Samuel Chelule, PW4, was a Clinical Officer from Kakamega Provincial General Hospital. He completed the P3 form after reviewing the complainant’s injuries which had been treated at Mukumu Hospital. PW4 produced the P3 form and was not cross-examined although opportunity was given to the appellant to do so. It was not necessary for PW4 to have treated the complainant. PW4 examined the injuries which were yet to heal and gave his opinion.
The evidence in support of the charge was overwhelming and it proved beyond any reasonable doubt that the appellant was guilty of harming the complainant. The injuries were categorized as maim by the Clinical Officer. The offence of grievous harm under s. 234 of the Penal Code is defined thus:
S. 234 “Any person who unlawfully does grievous harm to another is guilty of a felony and is liable to imprisonment for life.”
In section 4 of the Penal Code, “grevious harm” is defined to include “maim” and to mean:-
S. 4 “Any harm which amounts to a main or dangerous harm, or seriously or permanently injuries health, or which is likely so to injure health, or which extends to permanent disfigurement, or to any permanent or serious injury to any extend or internal organ, membrane or sense.”

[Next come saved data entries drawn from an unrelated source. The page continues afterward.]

lemma delay_uniform_limit:
  "uniform_limit {0..T} (\<lambda>k t. delay k t - maxhist \<tau> (xs k) t) (\<lambda>_. 0) sequentially"
proof (rule uniform_limit_if_scaled_le[of "2 * real CARD('n)"])
  fix \<delta> :: real assume \<delta>: "0 < \<delta>"
  obtain \<eta>0 where \<eta>0: "0 < \<eta>0" and osc: "\<And>k s s'. s \<in> {-\<tau>..T} \<Longrightarrow> s' \<in> {-\<tau>..T} \<Longrightarrow>
      \<bar>s - s'\<bar> \<le> \<eta>0 \<Longrightarrow> norm (xs k s - xs k s') \<le> \<delta>"
    using xs_equicontinuous[OF \<delta>] by blast
  define \<eta> where "\<eta> = min \<eta>0 \<tau>"
  have \<eta>: "0 < \<eta>" "\<eta> \<le> \<tau>" "\<eta> \<le> \<eta>0" using \<eta>0 tau_pos by (auto simp: \<eta>_def)
  let ?c = "\<bar>ln \<eta>\<bar> + \<bar>ln \<tau>\<bar>"
  have "(\<lambda>k. ?c / real (Suc k)) \<longlonglongrightarrow> 0"
    using LIMSEQ_Suc[OF lim_const_over_n[of ?c]] by simp
  then have "eventually (\<lambda>k. ?c / real (Suc k) < \<delta>) sequentially"
    using \<delta> by (rule order_tendstoD)
  then show "eventually (\<lambda>k. \<forall>t\<in>{0..T}.
      dist (delay k t - maxhist \<tau> (xs k) t) 0 \<le> 2 * real CARD('n) * \<delta>) sequentially"
  proof (rule eventually_mono, intro ballI)
    fix k t assume k: "?c / real (Suc k) < \<delta>" and t: "t \<in> {0..T}"
    have "norm (delay k t - maxhist \<tau> (xs k) t) \<le> real CARD('n) * (\<delta> + ?c / real (Suc k))"
      unfolding delay_def
    proof (rule norm_LIE_minus_maxhist_le[OF _ _ \<eta>(1,2)])
      show "continuous_on {t - \<tau>..t} (xs k)"
        using t by (intro continuous_on_subset[OF xs_continuous]) auto
      show "norm (xs k s - xs k s') \<le> \<delta>"
        if "s \<in> {t - \<tau>..t}" "s' \<in> {t - \<tau>..t}" "\<bar>s - s'\<bar> \<le> \<eta>" for s s'
        using that t \<eta> by (intro osc) auto
    qed simp
    also have "\<dots> \<le> real CARD('n) * (\<delta> + \<delta>)"
      using k by (intro mult_left_mono) auto
    finally show "dist (delay k t - maxhist \<tau> (xs k) t) 0 \<le> 2 * real CARD('n) * \<delta>"
      by (simp add: algebra_simps)
  qed
qed simp

lemma gain_continuous: "continuous_on {0..T} gain"
proof -
  have "continuous_on {0..T} (\<lambda>t. (\<lambda>p. F1 (fst p) (snd p)) (x t, maxhist \<tau> x t))"
    using continuous_on_subset[OF x_continuous] tau_pos
    by (intro continuous_on_compose2[OF lipschitz_on_continuous_on[OF F1_lipschitz]]
        continuous_intros continuous_on_maxhist) (auto simp: x_continuous)
  then show ?thesis by (simp add: gain_def)
qed

lemma gain_bounded:
  obtains B where "0 \<le> B" "\<And>t. t \<in> {0..T} \<Longrightarrow> norm (gain t) \<le> B"
proof -
  obtain B where "\<forall>t\<in>{0..T}. norm (gain t) \<le> B"
    using compact_imp_bounded[OF compact_continuous_image[OF gain_continuous compact_Icc]]
    unfolding bounded_iff by auto
  then show thesis using that[of B] T_pos by (smt (verit) atLeastAtMost_iff norm_ge_zero)
qed

lemma gain_Linf: "Linf {0..T} gain"
proof -
  obtain B where B: "\<And>t. t \<in> {0..T} \<Longrightarrow> norm (gain t) \<le> B" using gain_bounded by blast
  show ?thesis
    unfolding Linf_def
  proof
    show "gain \<in> borel_measurable (lebesgue_on {0..T})"
      by (rule continuous_imp_measurable_on_sets_lebesgue[OF gain_continuous]) simp
    show "\<exists>B. AE t in lebesgue_on {0..T}. norm (gain t) \<le> B"
      using B by (intro exI[of _ B] AE_I2) auto
  qed
qed

lemma gain_us_weak_L1: "weak_L1 {0..T} (\<lambda>k t. gain t *v us k t) (\<lambda>t. gain t *v u t)"
  by (rule weak_L1_matrix_mult[OF us_weak_L1 gain_Linf])

definition "control k t = integral {0..t} (\<lambda>r. gain r *v us k r)"
definition "control_lim t = integral {0..t} (\<lambda>r. gain r *v u r)"

lemma gain_us_integrable_on: "(\<lambda>r. gain r *v us k r) integrable_on {0..T}"
  and gain_u_integrable_on: "(\<lambda>r. gain r *v u r) integrable_on {0..T}"
  using gain_us_weak_L1 unfolding weak_L1_def by (auto intro: integrable_on_lebesgue_on)

lemma control_uniform_limit: "uniform_limit {0..T} control control_lim sequentially"
proof -
  obtain B where B: "0 \<le> B" "\<And>t. t \<in> {0..T} \<Longrightarrow> norm (gain t) \<le> B" using gain_bounded by blast
  show ?thesis
    unfolding control_def control_lim_def
  proof (rule uniform_limit_equi_lipschitz)
    show "(\<lambda>k. integral {0..t} (\<lambda>r. gain r *v us k r)) \<longlonglongrightarrow> integral {0..t} (\<lambda>r. gain r *v u r)"
      if "t \<in> {0..T}" for t
      by (rule weak_L1_integral_tendsto[OF gain_us_weak_L1 that])
    show "continuous_on {0..T} (\<lambda>t. integral {0..t} (\<lambda>r. gain r *v u r))"
      by (rule indefinite_integral_continuous_1[OF gain_u_integrable_on])
    fix k s t assume st: "s \<in> {0..T}" "t \<in> {0..T}" "s \<le> t"
    have "AE r in lebesgue_on {s..t}. norm (gain r *v us k r) \<le> B * Cu"
    proof -
      have "AE r in lebesgue_on {s..t}. norm (us k r) \<le> Cu" using st by (intro us_bound_on) auto
      moreover have "AE r in lebesgue_on {s..t}. r \<in> {s..t}" by (rule AE_I2) simp
      ultimately show ?thesis
      proof eventually_elim
        case (elim r)
        then show ?case
          using norm_matrix_vector_mult_le[of "gain r" "us k r"] B mult_mono[OF B(2) elim(1)] st
          by (smt (verit) atLeastAtMost_iff norm_ge_zero)
      qed
    qed
    then show "norm (integral {0..t} (\<lambda>r. gain r *v us k r) - integral {0..s} (\<lambda>r. gain r *v us k r))
        \<le> B * Cu * (t - s)"
      using st B Cu_nonneg
      by (intro has_integral_bound_AE[OF has_integral_integral_diff[OF gain_us_integrable_on]]) auto
  qed
qed

(* The control difference is taken out of the integrand: u_k - u tends to 0 only weakly, but its
   primitive against the continuous gain tends to 0 uniformly (control_uniform_limit). *)
definition "defect k t = rhs k t - rhs_lim t - gain t *v (us k t - u t)"

lemma norm_defect_le:
  assumes t: "t \<in> {0..T}" and "norm (us k t) \<le> Cu"
    and B: "\<And>s. s \<in> {-\<tau>..t} \<Longrightarrow> norm (xs k s - x s) \<le> B"
  shows "norm (defect k t) \<le> K * ((1 + real CARD('n)) * B + norm (delay k t - maxhist \<tau> (xs k) t))"
proof -
  have "defect k t = (F0 (xs k t) (delay k t) + F1 (xs k t) (delay k t) *v us k t)
      - (F0 (x t) (maxhist \<tau> x t) + F1 (x t) (maxhist \<tau> x t) *v us k t)"
    by (simp add: defect_def rhs_def rhs_lim_def gain_def matrix_vector_mult_diff_distrib)
  then have "norm (defect k t) \<le> K * (norm (xs k t - x t) + norm (delay k t - maxhist \<tau> x t))"
    using rhs_diff_le[OF assms(2)] by simp
  moreover have "norm (xs k t - x t) \<le> B" using B t tau_pos by simp
  moreover have "norm (maxhist \<tau> (xs k) t - maxhist \<tau> x t) \<le> real CARD('n) * B"
    using t B by (intro norm_maxhist_diff_le continuous_on_subset[OF xs_continuous]
        continuous_on_subset[OF x_continuous]) (use tau_pos in auto)
  moreover have "norm (delay k t - maxhist \<tau> x t)
      \<le> norm (delay k t - maxhist \<tau> (xs k) t) + norm (maxhist \<tau> (xs k) t - maxhist \<tau> x t)"
    using norm_triangle_ineq[of "delay k t - maxhist \<tau> (xs k) t" "maxhist \<tau> (xs k) t - maxhist \<tau> x t"]
    by simp
  ultimately have "norm (xs k t - x t) + norm (delay k t - maxhist \<tau> x t)
      \<le> (1 + real CARD('n)) * B + norm (delay k t - maxhist \<tau> (xs k) t)"
    by (simp add: algebra_simps)
  then show ?thesis
    using order_trans[OF \<open>norm (defect k t) \<le> _\<close> mult_left_mono[OF _ K_nonneg]] by blast
qed

lemma defect_has_integral:
  assumes st: "0 \<le> s" "s \<le> t" "t \<le> T"
  shows "(defect k has_integral
    ((xs k t - x t) - (xs k s - x s) - ((control k t - control_lim t) - (control k s - control_lim s)))) {s..t}"
proof -
  have "((\<lambda>r. rhs k r - rhs_lim r - (gain r *v us k r - gain r *v u r)) has_integral
      ((xs k t - xs k s) - (x t - x s) - ((control k t - control k s) - (control_lim t - control_lim s)))) {s..t}"
    unfolding control_def control_lim_def
    by (intro has_integral_diff is_solution_has_integral[OF xs_is_solution st]
        is_solution_has_integral[OF x_is_solution st]
        has_integral_integral_diff[OF gain_us_integrable_on] has_integral_integral_diff[OF gain_u_integrable_on])
      (use st in auto)
  moreover have "(\<lambda>r. rhs k r - rhs_lim r - (gain r *v us k r - gain r *v u r)) = defect k"
    by (simp add: fun_eq_iff defect_def matrix_vector_mult_diff_distrib)
  moreover have "(xs k t - xs k s) - (x t - x s) - ((control k t - control k s) - (control_lim t - control_lim s))
      = (xs k t - x t) - (xs k s - x s) - ((control k t - control_lim t) - (control k s - control_lim s))"
    by (simp add: algebra_simps)
  ultimately show ?thesis by (simp only:)
qed

lemma defect_AE_le:
  assumes ab: "0 \<le> a" "b \<le> T"
    and B: "\<And>s. s \<in> {-\<tau>..b} \<Longrightarrow> norm (xs k s - x s) \<le> B"
    and \<epsilon>: "\<And>t. t \<in> {a..b} \<Longrightarrow> norm (delay k t - maxhist \<tau> (xs k) t) \<le> \<epsilon>"
  shows "AE t in lebesgue_on {a..b}. norm (defect k t) \<le> K * ((1 + real CARD('n)) * B + \<epsilon>)"
proof -
  have "AE t in lebesgue_on {a..b}. norm (us k t) \<le> Cu" using ab by (rule us_bound_on)
  moreover have "AE t in lebesgue_on {a..b}. t \<in> {a..b}" by (rule AE_I2) simp
  ultimately show ?thesis
  proof eventually_elim
    case (elim t)
    have "norm (defect k t) \<le> K * ((1 + real CARD('n)) * B + norm (delay k t - maxhist \<tau> (xs k) t))"
      using elim ab B by (intro norm_defect_le) auto
    also have "\<dots> \<le> K * ((1 + real CARD('n)) * B + \<epsilon>)"
      using \<epsilon>[OF elim(2)] K_nonneg by (intro mult_left_mono add_left_mono) auto
    finally show ?case .
  qed
qed

lemma deviation_increment_le:
  assumes st: "0 \<le> s" "s \<le> t" "t \<le> T" and "0 \<le> B"
    and B: "AE r in lebesgue_on {s..t}. norm (defect k r) \<le> B"
  shows "norm (xs k t - x t) \<le> norm (xs k s - x s) + norm (control k t - control_lim t)
    + norm (control k s - control_lim s) + B * (t - s)"
proof -
  have "norm ((xs k t - x t) - (xs k s - x s) - ((control k t - control_lim t) - (control k s - control_lim s)))
      \<le> B * (t - s)"
    by (rule has_integral_bound_AE[OF defect_has_integral[OF st] st(2) assms(4) B])
  moreover have "norm (xs k t - x t) \<le> norm ((xs k t - x t) - (xs k s - x s) - ((control k t - control_lim t)
      - (control k s - control_lim s))) + norm (xs k s - x s) + norm (control k t - control_lim t)
      + norm (control k s - control_lim s)"
    by (rule norm_sum4_le) simp
  ultimately show ?thesis by linarith
qed

definition "deviation k t = running_sup (\<lambda>s. norm (xs k s - x s)) (-\<tau>) t"

lemma norm_le_deviation: "t \<in> {0..T} \<Longrightarrow> s \<in> {-\<tau>..t} \<Longrightarrow> norm (xs k s - x s) \<le> deviation k t"
  unfolding deviation_def
  by (rule running_sup_upper)
    (auto intro!: continuous_intros continuous_on_subset[OF xs_continuous] continuous_on_subset[OF x_continuous])

lemma deviation_nonneg: "t \<in> {0..T} \<Longrightarrow> 0 \<le> deviation k t"
  using norm_le_deviation[of t t k] tau_pos by (smt (verit) atLeastAtMost_iff norm_ge_zero)

lemma deviation_step:
  assumes \<epsilon>: "0 \<le> \<epsilon>" "\<And>t. t \<in> {0..T} \<Longrightarrow> norm (delay k t - maxhist \<tau> (xs k) t) \<le> \<epsilon>"
    and E: "\<And>t. t \<in> {0..T} \<Longrightarrow> norm (control k t - control_lim t) \<le> E"
    and st: "0 \<le> s" "s \<le> t" "t \<le> T"
  shows "deviation k t \<le> deviation k s + 2 * E + (t - s) * (K * ((1 + real CARD('n)) * deviation k t + \<epsilon>))"
proof -
  let ?B = "K * ((1 + real CARD('n)) * deviation k t + \<epsilon>)"
  have B: "0 \<le> ?B" using K_nonneg deviation_nonneg[of t k] st \<epsilon>(1) by simp
  have E0: "0 \<le> E" using E[of 0] T_pos by (smt (verit) atLeastAtMost_iff norm_ge_zero)
  have "running_sup (\<lambda>s. norm (xs k s - x s)) (-\<tau>) t
      \<le> running_sup (\<lambda>s. norm (xs k s - x s)) (-\<tau>) s + (2 * E + (t - s) * ?B)"
  proof (rule running_sup_step)
    fix r assume r: "r \<in> {s..t}"
    have "AE \<rho> in lebesgue_on {s..r}. norm (defect k \<rho>) \<le> ?B"
      using st r \<epsilon>(2) by (intro defect_AE_le norm_le_deviation) auto
    then have "norm (xs k r - x r) \<le> norm (xs k s - x s) + norm (control k r - control_lim r)
        + norm (control k s - control_lim s) + ?B * (r - s)"
      using st r B by (intro deviation_increment_le) auto
    moreover have "?B * (r - s) \<le> ?B * (t - s)" using r B by (intro mult_left_mono) auto
    ultimately show "norm (xs k r - x r) \<le> norm (xs k s - x s) + (2 * E + (t - s) * ?B)"
      using E[of r] E[of s] r st by (auto simp: mult.commute)
  qed (use st tau_pos B E0 in \<open>auto intro!: continuous_intros continuous_on_subset[OF xs_continuous]
      continuous_on_subset[OF x_continuous]\<close>)
  then show ?thesis by (simp add: deviation_def algebra_simps)
qed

There is no doubt that the harm inflicted on the complainant which PW4 described as “maim” fell within the description of “grevious harm”, and hence came under section 234 of the Penal Code. The P3 form was medical evidence which stood unchallenged.
Mr. Karuri, the learned State Counsel, opposed the appeal and submitted that the evidence adduced in the trial court proved the offence beyond any reasonable doubt and that the sentence was not excessive.
I have perused the record and given due consideration to the submissions of both counsel. It is my finding that the appellant attacked the complainant and viciously maimed her after resisting attempts to stop her. It is also my finding that the injuries inflicted on the complainant amounted to grevious harm. In her defence, the appellant denied the offence. Her allegation that there was a conspiracy to have her imprisoned had no evidential basis.
I am satisfied that the trial magistrate rightly convicted the appellant. As regards sentence, the maximum provided by law is life imprisonment. The appellant was jailed for 5 years.
I observe that although the trial court did give the appellant an opportunity to mitigate against sentence, the appellant declined to do so and instead told the trial court that she had nothing to say. She added, “I was framed.” The trial court noted that the appellant was a first offender and that the offence was serious. The trial court also noted the deliberate manner in which the appellant caused grevious harm to the complainant. It also noted that the appellant showed no remorse.
An appellate court will not normally interfere with the discretion exercised by the trial court unless it is evident that the trial court acted upon the wrong principle or overlooked some material factor or the sentence is manifestly excessive in the light of the circumstances of the case (see R. v. Shershewsky (1912) C.C.A. 28 T.L.R. 364). Normally it is necessary for the trial court in passing sentence to indicate why a severe sentence has been imposed or why a light sentence has been given and the circumstances that the court has taken into account in doing so. It is my finding that in the instant case, these criteria were met. In the result, I find no merit in the appeal. I decline to interfere with the conviction and sentence. I dismiss the appeal.
Dated at Kakamega this 18th day of October, 2007.